A Brain-to-LLM approach may help keep users’ brains a bit sharper, but developers also need the specific knowledge that enables them to write software code securely and critically evaluate AI-generated code for errors and security risks. They need to understand AI’s limitations, including its propensity to introduce security flaws such as vulnerabilities to prompt injection attacks.
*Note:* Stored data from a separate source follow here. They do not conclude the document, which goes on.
(* Consider the planted $k$-factor model with $k$ fixed and $p=\lambda/n$, where $\lambda=\lambda_n$ may depend on $n$, and condition on any realization of $H^*$. (i) If $\lambda=o(1)$, then with probability $1-o(1)$ the planted graph $H^*$ is the unique $k$-factor contained in $G$. (ii) If $\lambda=\Omega(1)$ (i.e. $\lambda_n\ge c_0>0$ for all large $n$), then there is a constant $c>0$ such that for all large $n$, with probability at least $c$ the graph $G$ contains a $k$-factor $H\neq H^*$.
   Context: Planted $k$-factor model: fix an integer $k\ge1$ and $n$ with $kn$ even. A $k$-factor on $[n]$ is a $k$-regular simple graph with vertex set $[n]$, identified with its edge set; $\mathcal H$ is the set of all $k$-factors on $[n]$. Let $p=\lambda/n\in[0,1]$. Draw $H^*$ uniformly at random from $\mathcal H$ and, independently, $G_0\sim\mathcal G(n,p)$ (each of the $\binom n2$ vertex pairs is an edge independently with probability $p$). The observed graph is $G=G_0\cup H^*$ (union of edge sets). A $k$-factor $H$ is "contained in $G$" if $H\subseteq E(G)$. Asymptotics are as $n\to\infty$ with $k$ fixed. *)

theory Defs
  imports Complex_Main
begin

text \<open>Vertex set [n] is rendered as {0..<n}; an edge is a 2-element set {u,v}.
A graph on [n] is identified with its edge set.\<close>

definition vpairs :: "nat \<Rightarrow> nat set set" where
  "vpairs n = {e. \<exists>u v. u < n \<and> v < n \<and> u \<noteq> v \<and> e = {u, v}}"

definition is_kfactor :: "nat \<Rightarrow> nat \<Rightarrow> nat set set \<Rightarrow> bool" where
  "is_kfactor n k H \<longleftrightarrow> H \<subseteq> vpairs n \<and> (\<forall>v<n. card {e \<in> H. v \<in> e} = k)"

definition gnp_prob :: "nat \<Rightarrow> real \<Rightarrow> (nat set set \<Rightarrow> bool) \<Rightarrow> real" where
  "gnp_prob n p Q = (\<Sum>S\<in>Pow (vpairs n).
      if Q S then p ^ card S * (1 - p) ^ (card (vpairs n) - card S) else 0)"

text \<open>Given the planted k-factor H, the probability (over G0 ~ G(n,p)) that
G = G0 \<union> H contains a k-factor different from H.\<close>
definition other_factor_prob :: "nat \<Rightarrow> nat \<Rightarrow> real \<Rightarrow> nat set set \<Rightarrow> real" where
  "other_factor_prob n k p H =
     gnp_prob n p (\<lambda>G0. \<exists>H'. is_kfactor n k H' \<and> H' \<noteq> H \<and> H' \<subseteq> G0 \<union> H)"

end

theory Submission
  imports Defs "HOL-Library.FuncSet"
begin

(* (i) If G contains a k-factor H' different from H, then H' - H and H - H' have equal degrees at
   every vertex, so they contain an alternating cycle. Its m edges from H' - H lie in G0, are
   distinct, and are determined by the m oriented H-edges of the cycle; there are at most (kn)^m
   such descriptions, each present with probability p^m, so the failure probability is at most
   the sum over m of (k lam)^m, which is O(lam).
   (ii) Greedily choose about n / (k+1)^3 vertices at pairwise distance more than 3 in H. For two
   of them, x and y, with H-neighbours x' and y', replacing xx', yy' by xy, x'y' gives another
   k-factor. These Omega(n^2) switchings need pairwise disjoint pairs of new edges, each present with
   probability p^2, and the second Bonferroni inequality on a subfamily of size about
   min(n^2, 1/p^2) bounds the probability from below by a constant times min(lam^2, 1). *)

section \<open>Subgraph events in G(n,p)\<close>

lemma finite_vpairs: "finite (vpairs n)"
proof -
  have "vpairs n \<subseteq> (\<lambda>(u, v). {u, v}) ` ({..<n} \<times> {..<n})"
    unfolding vpairs_def by auto
  then show ?thesis
    by (rule finite_subset) auto
qed

lemma vpairsE:
  assumes "e \<in> vpairs n"
  obtains a b where "a \<noteq> b" "a < n" "b < n" "e = {a, b}"
  using assms unfolding vpairs_def by blast

lemma sum_Pow_power_binomial:
  fixes p q :: "'a :: comm_semiring_1"
  assumes "finite B"
  shows "(\<Sum>T\<in>Pow B. p ^ card T * q ^ (card B - card T)) = (p + q) ^ card B"
proof -
  have "(p + q) ^ card B = (\<Sum>T\<in>Pow B. (\<Prod>x\<in>T. p) * (\<Prod>x\<in>B - T. q))"
    using prod_add[OF assms, of "\<lambda>_. p" "\<lambda>_. q"] by simp
  also have "\<dots> = (\<Sum>T\<in>Pow B. p ^ card T * q ^ (card B - card T))"
    using assms by (intro sum.cong) (auto simp: card_Diff_subset finite_subset)
  finally show ?thesis ..
qed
This requires overhauling enterprise security programs to ensure a human-centric approach to the SDLC, in which developers receive effective, flexible, hands-on—and ongoing—training as part of an enterprise-wide security-first culture. Developers need to continuously sharpen their skills to stay abreast of quickly evolving, sophisticated threats, particularly those resulting from AI’s prominent place in software development. This protects against, for example, increasingly common prompt injection attacks. But for that protection to work, organizations need a developer-driven initiative to focus on secure design patterns and threat modeling.
Conclusion
The MIT study focused on AI’s impact on education and the potential loss of critical thinking skills in students from kindergarten on up. But whether you’re talking about students or skilled professionals, the take-home from the study is the same: When LLMs or agentic agents do the heavy lifting, users become passive bystanders. This can lead, the study’s authors said, to “weakened critical thinking skills, less deep understanding of the materials and less long-term memory formation.” A lower level of cognitive engagement can also result in decreased decision-making skills.
Organizations cannot afford a lack of critical thinking when it comes to cybersecurity. And because software flaws in highly distributed, cloud-based environments have become the top target of cyberattackers, cybersecurity starts with ensuring secure code, whether it is created by developers, AI assistants or agentic agents. For all of AI’s power, organizations more than ever need highly honed problem-solving and critical thinking skills. And that can’t be outsourced to AI.